Русские мыслители | страница 88



Толстовское чувство действительности до конца остава­лось чересчур душераздирающим, чтобы сопрягаться с любым из нравственных идеалов, кое-как собранных Толстым вое­дино из осколков, на которые ум его дробил мироздание; всю исполинскую силу своего разума и воли своей Толстой до последних минут посвящал отрицанию этого факта. Неимоверно гордый — и в то же время исполненный нена­висти к себе самому, всезнающий — и сомневающийся во всем, хладнокровный — и обуреваемый страстями, высо­комерно-презрительный — и склонный к самоуничижению, истерзанный переживаниями — и невозмутимый, окружен­ный обожающей его семьей, боготворящими последовате­лями, согретый восхищением целого белого света — и почти всецело одинокий, Толстой — самый трагический средь великих писателей, отчаявшийся старец, коему никто уже не в силах помочь; ослепивший себя и скитающийся в окрест­ностях Колона.

Герцен и Бакунин о свободе личности

«Жизнь человека — великий социальный долг [изрек Луи Блан];

человек должен постоянно приносить себя на жертву обществу.»

Зачем же? — спросил я вдруг.

Как зачем? Помилуйте: вся цель, все назначение лица — благосостояние общества.

Оно никогда не достигнется, если все будут жертвовать и никто не будет наслаждаться.

Это игра слов.

Варварская сбивчивость понятий, — говорил я, смеясь.

Александр Герцен. Былое и думы[120]

С 13 лет <... > я служил одной идее, был под одним знаменем — война против всякой власти, против всякой неволи во имя безуслов­ной независимости лица. И я буду продолжать эту маленькую парти­занскую войну, как настоящий казак, auf eigene Faust[121] — как говорят немцы.

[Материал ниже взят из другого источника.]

definition separating_map :: "nat \<Rightarrow> bool list \<Rightarrow> bool option" where
  "separating_map n xs =
     (if xs \<in> clique_vecs n then Some False else if xs \<in> cycle_vecs n then Some True else None)"

definition separating_pfun :: "nat \<Rightarrow> pfun" where
  "separating_pfun n = (2 * n * n, separating_map n)"

lemma dom_separating_map: "dom (separating_map n) = clique_vecs n \<union> cycle_vecs n"
  by (auto simp: separating_map_def dom_def split: if_splits)

lemma is_pfun_separating_pfun: "is_pfun (separating_pfun n)"
  by (auto simp: is_pfun_def separating_pfun_def dom_separating_map clique_vecs_def cycle_vecs_def)

lemma separating_map_clique_vec: "u \<in> clique_vecs n \<Longrightarrow> separating_map n u = Some False"
  by (simp add: separating_map_def)

lemma separating_map_cycle_vec: "2 \<le> n \<Longrightarrow> i < n \<Longrightarrow> separating_map n (cycle_vec n i) = Some True"
  using clique_vec_ne_cycle_vec by (fastforce simp: separating_map_def clique_vecs_def cycle_vecs_def)

lemma bits_disjoint_same_part:
  assumes "u \<in> clique_vecs n \<union> cycle_vecs n" and "v \<in> clique_vecs n \<union> cycle_vecs n"
    and "bits_disjoint u v"
  shows "u \<in> clique_vecs n \<longleftrightarrow> v \<in> clique_vecs n"
  using assms not_bits_disjoint_clique_cycle by (auto simp: clique_vecs_def cycle_vecs_def)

Александр Герцен, письмо к Мадзини[122]

I

зо всех русских революционных писателей девят­надцатого столетия Герцен и Бакунин остаются наи­более привлекательными. Различий меж ними было немало, и в учениях, и в темпераменте, а объединял обоих идеал личной свободы — средоточие их помыслов и действий.

Оба посвятили свою жизнь мятежу против любого угнетения, общественного и политического, государственного и част­ного, явного и скрытого; но само разнообразие их дарований доныне затмевает относительную ценность герценовских и бакунинских идей, касающихся этого важнейшего вопроса.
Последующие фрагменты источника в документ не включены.